Que sait-on généralement du christianisme en Chine ? De son arrivée, on ne retient généralement que l’activité des missionnaires jésuites, à partir de la fin du XVIe siècle. Dans cette pléiade de figures plus ou moins connues, l’Italien Matteo Ricci (1552-1610) devint l’un des tout premiers sinologues expérimentés. Ces catholiques ont marqué de leur présence une partie de la vie culturelle de l’empire du Milieu, avant d’être considérés comme les membres d’une secte dangereuse. En revanche, on connaît beaucoup moins bien les générations de premiers chrétiens, d’origine syriaque, qui s’établirent, presque mille ans plus tôt, au VIIe siècle, dans l’actuelle région de Xi’an.
Venus par les routes de l’Asie centrale, leurs prêtres adhéraient au nestorianisme, qui dominait alors l’Europe orientale. Leur doctrine, jugée hérétique après le concile de Nicée (325), professait que le Christ était constitué de deux personnes, l’une divine, l’autre humaine. Dans l’ensemble, ce « christianisme chinois du haut Moyen Age » est longtemps demeuré obscur. Les textes conservés étaient peu nombreux, certains étaient contestés, suspectés d’inauthenticité. Presque tous partageaient une réputation de syncrétisme : ils auraient combiné, ou même confondu, des éléments évangéliques avec des traits appartenant au mazdéisme, au taoïsme, au bouddhisme.

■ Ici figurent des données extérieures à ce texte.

lemma strip_interior_near_image:
  assumes "i \<in> I" "x \<in> S i" "open V" "q (i, x) \<in> V" "e > 0"
  obtains z where "strip_interior i z" "dist z x < e" "q (i, z) \<in> V"
proof -
  obtain r where r: "r > 0" "ball (q (i, x)) r \<subseteq> V" using assms(3,4) open_contains_ball by blast
  obtain d where d: "d > 0" "\<forall>z\<in>S i. dist z x < d \<longrightarrow> dist (q (i, z)) (q (i, x)) < r"
    using continuous_on_strip[OF assms(1)] assms(2) r(1) unfolding continuous_on_iff by blast
  obtain z where z: "strip_interior i z" "dist z x < min e d"
    by (rule strip_interior_near[OF assms(1,2), of "min e d"]) (use assms(5) d(1) in simp)
  then have "dist (q (i, z)) (q (i, x)) < r" using d(2) strip_interior_mem by simp
  then have "q (i, z) \<in> V" using r(2) by (auto simp: dist_commute)
  then show ?thesis using that z by simp
qed

lemma open_image_strip_interior:
  assumes "i \<in> I" "open D" "D \<subseteq> {x. u i < snd x \<and> snd x < v i}"
  shows "open ((\<lambda>x. q (i, x)) ` D)"
proof (rule invariance_of_domain)
  have "D \<subseteq> S i" using assms strip_interior_mem unfolding strip_interior_def by auto
  then show "continuous_on D (\<lambda>x. q (i, x))"
    using continuous_on_strip[OF assms(1)] continuous_on_subset by blast
  show "inj_on (\<lambda>x. q (i, x)) D"
  proof (rule inj_onI)
    fix x y assume "x \<in> D" "y \<in> D" "q (i, x) = q (i, y)"
    moreover have "strip_interior i x" "strip_interior i y"
      using assms \<open>x \<in> D\<close> \<open>y \<in> D\<close> unfolding strip_interior_def by auto
    ultimately show "x = y" using strip_interior_inj by blast
  qed
qed fact

text \<open>By invariance of domain the image of a neighbourhood of an interior point is open;
  points of \<open>S k\<close> near a boundary point mapping into it would be interior points of
  strip \<open>j\<close> both close to and far from the boundary.\<close>

lemma strip_boundary_image_not_interior_image:
  assumes x: "strip_interior j x" and y: "k \<in> I" "y \<in> S k" "\<not> strip_interior k y"
  shows "q (k, y) \<noteq> q (j, x)"
proof
  assume eq: "q (k, y) = q (j, x)"
  define r where "r = min (snd x - u j) (v j - snd x) / 2"
  have r: "r > 0" "2 * r \<le> snd x - u j" "2 * r \<le> v j - snd x"
    using x unfolding r_def strip_interior_def by auto
  have band: "ball x r \<subseteq> {z. u j < snd z \<and> snd z < v j}"
  proof
    fix z assume "z \<in> ball x r"
    then have "\<bar>snd z - snd x\<bar> < r" using dist_snd_le[of z x] by (simp add: dist_commute dist_real_def)
    then show "z \<in> {z. u j < snd z \<and> snd z < v j}" using r by (auto simp: abs_less_iff)
  qed
  have W: "open ((\<lambda>z. q (j, z)) ` ball x r)"
    using open_image_strip_interior[OF _ _ band] x unfolding strip_interior_def by simp
  have "q (k, y) \<in> (\<lambda>z. q (j, z)) ` ball x r" using eq r by simp
  then obtain z where z: "strip_interior k z" "dist z y < r" "q (k, z) \<in> (\<lambda>z. q (j, z)) ` ball x r"
    by (rule strip_interior_near_image[OF y(1,2) W _ r(1)])
  then obtain z' where z': "z' \<in> ball x r" "q (k, z) = q (j, z')" by blast
  then have "strip_interior j z'" using band x unfolding strip_interior_def by auto
  then have "z = z'" "k = j" using strip_interior_inj[OF z(1)] z'(2) by auto
  have "\<bar>snd z - snd y\<bar> < r" using z(2) dist_snd_le[of z y] by (simp add: dist_real_def)
  moreover have "\<bar>snd z - snd x\<bar> < r"
    using z'(1) \<open>z = z'\<close> dist_snd_le[of z x] by (simp add: dist_real_def dist_commute)
  ultimately have close: "snd x - snd y < 2 * r" "snd y - snd x < 2 * r"
    unfolding abs_less_iff by linarith+
  have "snd y = u j \<or> snd y = v j"
    using y strip_band[OF y(1,2)] \<open>k = j\<close> unfolding strip_interior_def by auto
  then show False using close r by linarith
qed

lemma fibre_strip_interior:
  assumes "strip_interior k x" "g \<in> Sigma I S" "q g = q (k, x)"
  shows "g = (k, x)"
proof -
  obtain j y where g: "g = (j, y)" by (cases g)
  show ?thesis
  proof (cases "strip_interior j y")
    case True
    then show ?thesis using strip_interior_inj[OF True assms(1)] assms g by simp
  next
    case False
    then show ?thesis using strip_boundary_image_not_interior_image[OF assms(1) _ _ False] assms g by auto
  qed
qed

lemma vertical_segment_in_strip_interior:
  assumes x: "strip_interior k x" and V: "open V" "q (k, x) \<in> V"
  obtains r where "r > 0"
    "\<And>\<tau>. \<bar>\<tau>\<bar> \<le> r \<Longrightarrow> strip_interior k (fst x, snd x + \<tau>) \<and> q (k, (fst x, snd x + \<tau>)) \<in> V"
proof -
  define f where "f \<tau> = q (k, (fst x, snd x + \<tau>))" for \<tau>
  define r0 where "r0 = min (snd x - u k) (v k - snd x) / 2"
  have r0: "r0 > 0" "2 * r0 \<le> snd x - u k" "2 * r0 \<le> v k - snd x"
    using x unfolding r0_def strip_interior_def by auto
  have interior: "strip_interior k (fst x, snd x + \<tau>)" if "\<tau> \<in> {-r0..r0}" for \<tau>
    using x that r0 unfolding strip_interior_def by auto
  have "continuous_on {-r0..r0} f"
    unfolding f_def using x interior strip_interior_mem unfolding strip_interior_def
    by (intro continuous_on_compose2[OF continuous_on_strip] continuous_intros) auto
  moreover obtain e where e: "e > 0" "ball (q (k, x)) e \<subseteq> V" using V open_contains_ball by blast
  moreover have "0 \<in> {-r0..r0}" "f 0 = q (k, x)" using r0 unfolding f_def by auto
  ultimately obtain d where d: "d > 0" "\<forall>\<tau>\<in>{-r0..r0}. dist \<tau> 0 < d \<longrightarrow> dist (f \<tau>) (q (k, x)) < e"
    unfolding continuous_on_iff by metis
  show ?thesis
  proof
    show "min r0 (d / 2) > 0" using r0 d by simp
    fix \<tau> :: real assume "\<bar>\<tau>\<bar> \<le> min r0 (d / 2)"
    then have \<tau>: "\<tau> \<in> {-r0..r0}" "dist \<tau> 0 < d" using d(1) by (auto simp: dist_real_def)
    then have "f \<tau> \<in> V" using d(2) e(2) by (auto simp: dist_commute)
    then show "strip_interior k (fst x, snd x + \<tau>) \<and> q (k, (fst x, snd x + \<tau>)) \<in> V"
      using interior[OF \<tau>(1)] unfolding f_def by simp
  qed
qed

L’impressionnant labeur d’Alexis Balmont permet d’y voir plus clair. Cette thèse exemplaire, soutenue au Collège de France, a reçu du Vatican le prix Bellarmin. Si la lecture est fort austère, elle est d’un autre point de vue passionnante, parce qu’elle fait découvrir un ensemble de textes chinois diversifiés, dont les thèses et les formulations empruntent aux doctrines asiatiques pour défendre, globalement, des doctrines effectivement chrétiennes. Ce brévissime résumé ne rend pas justice à la finesse et la pondération de cette recherche. Car, pour démêler les énigmes enchevêtrées de ces rencontres lointaines, Alexis Balmont a su rassembler une série de compétences rarement réunies.